(* Let $M$ be an $\mathfrak{S}$-module, $\mathfrak{S}=\mathbb{Z}[t]/(t^p-1)$, with $\operatorname{im}(1-t)=M$. Then $N(t)=0$ on $M$ and $\ker(1-t)$ is a $\mathbb{Z}/p$-vector space. Let $(e_i)_{i\in I}$ be a basis of $\ker(1-t)$. Then there is an injective $\mathfrak{S}$-module map $\psi\colon\bigoplus_{i\in I}\mathbb{Z}[\vartheta,1/p]/(1-\vartheta)\mathbb{Z}[\vartheta]\to M$ with uniquely $p$-divisible cokernel.
   Context: $p$ is a prime, $N(t)=1+t+\dots+t^{p-1}$, $\vartheta$ is a primitive $p$-th root of unity, so $\mathbb{Z}[\vartheta]\cong\mathbb{Z}[t]/(N(t))$; $t$ acts on $\mathbb{Z}[\vartheta,1/p]/(1-\vartheta)\mathbb{Z}[\vartheta]$ by multiplication with $\vartheta$. Uniquely $p$-divisible means multiplication by $p$ is bijective. *)

theory Defs
  imports Complex_Main "HOL-Computational_Algebra.Polynomial"
begin

definition theta :: "nat \<Rightarrow> complex" where
  "theta p = cis (2 * pi / real p)"

definition Ztheta :: "nat \<Rightarrow> complex set" where
  "Ztheta p = {poly (map_poly of_int f) (theta p) | f :: int poly. True}"

definition Ztheta_inv_p :: "nat \<Rightarrow> complex set" where
  "Ztheta_inv_p p = {z / of_nat p ^ k | z k. z \<in> Ztheta p}"

definition one_minus_theta_Ztheta :: "nat \<Rightarrow> complex set" where
  "one_minus_theta_Ztheta p = {(1 - theta p) * z | z. z \<in> Ztheta p}"

text \<open>Representatives of the direct sum over I of Z[theta,1/p]:
  finitely supported families with support in I.\<close>
definition dsum_rep :: "nat \<Rightarrow> 'i set \<Rightarrow> ('i \<Rightarrow> complex) set" where
  "dsum_rep p I = {f. finite {i. f i \<noteq> 0} \<and> (\<forall>i. f i \<noteq> 0 \<longrightarrow> i \<in> I)
                      \<and> (\<forall>i. f i \<in> Ztheta_inv_p p)}"

definition nmul :: "nat \<Rightarrow> 'a::ab_group_add \<Rightarrow> 'a" where
  "nmul n x = (\<Sum>_<n. x)"

text \<open>An S-module, S = Z[t]/(t^p - 1): an abelian group with an additive
  endomorphism T satisfying T^p = id.\<close>
definition S_module :: "nat \<Rightarrow> ('a::ab_group_add \<Rightarrow> 'a) \<Rightarrow> bool" where
  "S_module p T \<longleftrightarrow> (\<forall>x y. T (x + y) = T x + T y) \<and> (T ^^ p = id)"

text \<open>(e_i)_{i in I} is a Z/p-basis of ker(1 - T) (coefficients in Z/p
  represented by 0..p-1).\<close>
definition is_Zp_basis_of_fix :: "nat \<Rightarrow> ('a::ab_group_add \<Rightarrow> 'a) \<Rightarrow> 'i set \<Rightarrow> ('i \<Rightarrow> 'a) \<Rightarrow> bool" where
  "is_Zp_basis_of_fix p T I e \<longleftrightarrow>
     (\<forall>i\<in>I. T (e i) = e i) \<and>
     (\<forall>x. T x = x \<longrightarrow>
        (\<exists>!c :: 'i \<Rightarrow> nat. (\<forall>i. c i < p) \<and> (\<forall>i. c i \<noteq> 0 \<longrightarrow> i \<in> I) \<and> finite {i. c i \<noteq> 0}
            \<and> x = (\<Sum>i\<in>{i. c i \<noteq> 0}. nmul (c i) (e i))))"

text \<open>The subset A of M (an image of a module map) has uniquely p-divisible
  cokernel M/A: multiplication by p is bijective on M/A.\<close>
definition uniquely_p_divisible_cokernel :: "nat \<Rightarrow> 'a::ab_group_add set \<Rightarrow> bool" where
  "uniquely_p_divisible_cokernel p A \<longleftrightarrow>
     (\<forall>x. \<exists>y. nmul p y - x \<in> A) \<and> (\<forall>y. nmul p y \<in> A \<longrightarrow> y \<in> A)"

end

theory Submission
  imports Defs "HOL-Computational_Algebra.Polynomial_Factorial"
begin

text \<open>
  Since \<open>N(t) (1 - t) = 1 - t\<^sup>p\<close>, \<open>N(T)\<close> kills the image of \<open>1 - T\<close>, which is all of \<open>M\<close>.
  As \<open>N\<close> is irreducible (Eisenstein at \<open>p\<close> for \<open>N(x + 1)\<close>), it generates the kernel of
  \<open>\<int>[x] \<rightarrow> \<int>[\<theta>]\<close>, so \<open>M\<close> is a \<open>\<int>[\<theta>]\<close>-module with \<open>\<theta>\<close> acting as \<open>T\<close>.
  Because \<open>(1 - \<theta>)\<^sup>p\<^sup>-\<^sup>1 \<in> p \<int>[\<theta>]\<close> and \<open>p \<in> (1 - \<theta>) \<int>[\<theta>]\<close>, every element of
  \<open>\<int>[\<theta>, 1/p]\<close> has the form \<open>a / (1 - \<theta>)\<^sup>n\<close> with \<open>a \<in> \<int>[\<theta>]\<close>.  Choosing successive
  \<open>(1 - T)\<close>-preimages \<open>e\<^sub>i\<^sub>,\<^sub>n\<close> of the basis vectors \<open>e\<^sub>i\<close>, \<open>\<psi>\<close> sends \<open>a / (1 - \<theta>)\<^sup>n\<close> in
  the \<open>i\<close>-th summand to \<open>a e\<^sub>i\<^sub>,\<^sub>n\<close>.  Since \<open>\<int>[\<theta>] / (1 - \<theta>) = \<int>/p\<close> and the \<open>e\<^sub>i\<close> are
  independent over \<open>\<int>/p\<close>, induction on \<open>n\<close> shows that the kernel of \<open>\<psi>\<close> is the direct
  sum of the \<open>(1 - \<theta>) \<int>[\<theta>]\<close>, and that everything killed by a power of \<open>1 - \<theta>\<close> lies in
  the image; as \<open>(1 - \<theta>)\<^sup>p\<^sup>-\<^sup>1\<close> is a multiple of \<open>p\<close> in \<open>\<int>[\<theta>]\<close>, this gives the unique
  \<open>p\<close>-divisibility of the cokernel.
\<close>

section \<open>\<open>N\<close> is the minimal polynomial of \<open>\<theta>\<close>\<close>

lemma prime_not_dvd_coeff_mult:
  fixes g h :: "int poly" and q :: int
  assumes "prime q" and "\<not> q dvd coeff h 0" and "\<not> q dvd coeff g i"
  shows "\<exists>k\<le>i. \<not> q dvd coeff (g * h) k"
proof -
  define j where "j = (LEAST j. \<not> q dvd coeff g j)"
  have j: "\<not> q dvd coeff g j" "j \<le> i"
    unfolding j_def by (rule LeastI[of _ i], rule assms(3), rule Least_le, rule assms(3))
  have below: "q dvd coeff g l" if "l < j" for l
    using that not_less_Least unfolding j_def by blast
  have "coeff (g * h) j = (\<Sum>l<j. coeff g l * coeff h (j - l)) + coeff g j * coeff h 0"
    by (simp add: coeff_mult lessThan_Suc_atMost[symmetric])
  moreover have "q dvd (\<Sum>l<j. coeff g l * coeff h (j - l))"
    by (intro dvd_sum) (simp add: below)
  moreover have "\<not> q dvd coeff g j * coeff h 0"
    using assms(1,2) j(1) by (simp add: prime_dvd_mult_iff)
  ultimately have "\<not> q dvd coeff (g * h) j"
    by (simp add: dvd_add_right_iff)
  with j(2) show ?thesis by blast
qed

lemma eisenstein_criterion:
  fixes f g h :: "int poly" and q :: int
  assumes "prime q" and "f = g * h"
    and "\<not> q dvd lead_coeff f" and "\<forall>k<degree f. q dvd coeff f k"
    and "\<not> q\<^sup>2 dvd coeff f 0"
  shows "degree g = 0 \<or> degree h = 0"
proof (rule ccontr)
  assume "\<not> (degree g = 0 \<or> degree h = 0)"
  then have "g \<noteq> 0" "h \<noteq> 0" "degree g > 0" "degree h > 0"
    by auto
  then have deg: "degree f = degree g + degree h" "degree g > 0" "degree h > 0"
    using assms(2) by (simp_all add: degree_mult_eq)
  have lead: "\<not> q dvd lead_coeff g" "\<not> q dvd lead_coeff h"
    using assms(2,3) by (auto simp: lead_coeff_mult)
  have "\<not> q dvd coeff h 0 \<or> \<not> q dvd coeff g 0"
    using assms(2,5) by (auto simp: power2_eq_square coeff_mult_0 intro: mult_dvd_mono)
  then obtain k where "k < degree f" "\<not> q dvd coeff f k"
  proof (elim disjE)
    assume "\<not> q dvd coeff h 0"
    then obtain k where "k \<le> degree g" "\<not> q dvd coeff f k"
      using prime_not_dvd_coeff_mult[OF assms(1) _ lead(1)] assms(2) by blast
    with deg show thesis by (intro that[of k]) auto
  next
    assume "\<not> q dvd coeff g 0"
    then obtain k where "k \<le> degree h" "\<not> q dvd coeff f k"
      using prime_not_dvd_coeff_mult[OF assms(1) _ lead(2)] assms(2) by (auto simp: mult.commute)
    with deg show thesis by (intro that[of k]) auto
  qed
  with assms(4) show False by blast
qed

definition N_poly :: "nat \<Rightarrow> int poly" where
  "N_poly n = (\<Sum>k<n. monom 1 k)"

lemma coeff_N_poly: "coeff (N_poly n) k = (if k < n then 1 else 0)"
  by (simp add: N_poly_def coeff_sum)

lemma degree_N_poly: "degree (N_poly n) = n - 1"
proof (cases "n = 0")
  case False
  then show ?thesis
    by (intro antisym degree_le le_degree) (auto simp: coeff_N_poly)
qed (simp add: N_poly_def)

lemma lead_coeff_N_poly: "n > 0 \<Longrightarrow> lead_coeff (N_poly n) = 1"
  by (simp add: degree_N_poly coeff_N_poly)

lemma N_poly_mult_X_minus_1: "N_poly n * [:-1, 1:] = monom 1 n - 1"
proof -
  have "N_poly n * [:-1, 1:] = (\<Sum>k<n. monom 1 (Suc k) - monom 1 k)"
    unfolding N_poly_def sum_distrib_right
    by (intro sum.cong) (simp_all add: monom_Suc algebra_simps monom_0 flip: smult_monom)
  also have "\<dots> = monom 1 n - 1"
    by (simp add: sum_lessThan_telescope monom_0 one_pCons)
  finally show ?thesis .
qed

lemma coeff_N_poly_shift:
  assumes "k < n"
  shows "coeff (pcompose (N_poly n) [:1, 1:]) k = int (n choose Suc k)"
proof -
  have "pcompose (monom 1 n) [:1, 1:] = [:1, 1::int:] ^ n"
    by (rule poly_eq_poly_eq_iff[THEN iffD1]) (simp add: poly_pcompose poly_monom fun_eq_iff)
  then have "pcompose (N_poly n * [:-1, 1:]) [:1, 1:] = [:1, 1:] ^ n - 1"
    unfolding N_poly_mult_X_minus_1 pcompose_diff pcompose_1 by simp
  moreover have "pcompose [:-1, 1:] [:1, 1::int:] = [:0, 1:]"
    by (simp add: pcompose_pCons)
  ultimately have "pCons 0 (pcompose (N_poly n) [:1, 1:]) = [:1, 1:] ^ n - 1"
    by (simp only: pcompose_mult) (simp add: mult.commute)
  then have "coeff (pcompose (N_poly n) [:1, 1:]) k = coeff ([:1, 1:] ^ n - 1) (Suc k)"
    by (metis coeff_pCons_Suc)
  with assms show ?thesis
    by (simp add: coeff_linear_poly_power)
qed

lemma irreducible_N_poly:
  assumes "prime p"
  shows "irreducible (N_poly p)"
proof (rule irreducibleI)
  have p: "p \<ge> 2"
    using assms by (rule prime_ge_2_nat)
  then show "N_poly p \<noteq> 0" "\<not> N_poly p dvd 1"
    by (auto simp: is_unit_poly_iff degree_N_poly dest!: arg_cong[of _ _ degree])
  fix g h assume gh: "N_poly p = g * h"
  have "lead_coeff g * lead_coeff h = 1"
    using gh p by (metis lead_coeff_mult lead_coeff_N_poly less_le_trans pos2)
  then have units: "lead_coeff g dvd 1" "lead_coeff h dvd 1"
    by (metis dvd_triv_left, metis dvd_triv_right)
  define shift :: "int poly \<Rightarrow> int poly" where "shift f = pcompose f [:1, 1:]" for f
  have "shift (N_poly p) = shift g * shift h"
    by (simp add: shift_def gh pcompose_mult)
  moreover have "degree (shift (N_poly p)) = p - 1" "lead_coeff (shift (N_poly p)) = 1"
    using p lead_coeff_comp[of "[:1, 1:]" "N_poly p"]
    by (simp_all add: shift_def degree_pcompose degree_N_poly coeff_N_poly)
  moreover have "\<forall>k<p - 1. int p dvd coeff (shift (N_poly p)) k"
    using assms by (auto simp: shift_def coeff_N_poly_shift intro: dvd_choose_prime)
  moreover have "\<not> (int p)\<^sup>2 dvd coeff (shift (N_poly p)) 0"
  proof -
    have "coeff (shift (N_poly p)) 0 = int p * 1"
      using p coeff_N_poly_shift[of 0 p] by (simp add: shift_def)
    with p show ?thesis
      by (simp only: power2_eq_square dvd_mult_cancel_left) simp
  qed
  ultimately have "degree (shift g) = 0 \<or> degree (shift h) = 0"
    using eisenstein_criterion[of "int p"] assms p by auto
  then have "degree g = 0 \<or> degree h = 0"
    by (simp add: shift_def degree_pcompose)
  then show "g dvd 1 \<or> h dvd 1"
    using units by (metis degree_0_id is_unit_const_poly_iff)
qed

lemma N_poly_shift_mod_p:
  assumes "prime p"
  obtains G where "pcompose (N_poly p) [:1, 1:] = monom 1 (p - 1) + smult (int p) G"
proof -
  let ?F = "pcompose (N_poly p) [:1, 1:]"
  have "int p dvd coeff (?F - monom 1 (p - 1)) k" for k
  proof (cases "k < p")
    case True
    then show ?thesis
      using assms by (auto simp: coeff_N_poly_shift intro: dvd_choose_prime)
  next
    case False
    moreover have "p > 0"
      using assms by (rule prime_gt_0_nat)
    ultimately have "coeff ?F k = 0"
      by (intro coeff_eq_0) (simp add: degree_pcompose degree_N_poly)
    with False \<open>p > 0\<close> show ?thesis
      by (cases "k = p - 1") simp_all
  qed
  then obtain G where "?F - monom 1 (p - 1) = [:int p:] * G"
    by (metis const_poly_dvd_iff dvdE)
  then show thesis
    by (intro that[of G]) (simp add: algebra_simps)
qed

definition ipoly :: "int poly \<Rightarrow> 'a::comm_ring_1 \<Rightarrow> 'a" where
  "ipoly f z = poly (map_poly of_int f) z"

lemma ipoly_0 [simp]: "ipoly 0 z = 0"
  by (simp add: ipoly_def)

lemma ipoly_add: "ipoly (f + g) z = ipoly f z + ipoly g z"
proof -
  have "map_poly of_int (f + g) = map_poly of_int f + (map_poly of_int g :: 'a poly)"
    by (intro poly_eqI) (simp add: coeff_map_poly)
  then show ?thesis by (simp add: ipoly_def)
qed

lemma ipoly_mult: "ipoly (f * g) z = ipoly f z * ipoly g z"
proof -
  have "map_poly of_int (f * g) = map_poly of_int f * (map_poly of_int g :: 'a poly)"
    by (intro poly_eqI) (simp add: coeff_map_poly coeff_mult)
  then show ?thesis by (simp add: ipoly_def)
qed

lemma ipoly_diff: "ipoly (f - g) z = ipoly f z - ipoly g z"
  by (metis add_diff_cancel diff_add_cancel ipoly_add)

lemma ipoly_pCons: "ipoly (pCons c f) z = of_int c + z * ipoly f z"
  by (simp add: ipoly_def map_poly_pCons)

lemma ipoly_const: "ipoly [:c:] z = of_int c"
  using ipoly_pCons[of c 0 z] by (simp add: ipoly_def)

lemma ipoly_smult: "ipoly (smult c f) z = of_int c * ipoly f z"
  by (metis ipoly_const ipoly_mult mult_smult_left mult_1 smult_one)

lemma ipoly_sum: "ipoly (\<Sum>i\<in>A. f i) z = (\<Sum>i\<in>A. ipoly (f i) z)"
  by (induction A rule: infinite_finite_induct) (simp_all add: ipoly_add)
= = = =
What you need to do
When a line in the material above holds the word "cases", copy that line.

Task solution
proof (cases "n = 0")
  proof (cases "k < p")
      by (cases "k = p - 1") simp_all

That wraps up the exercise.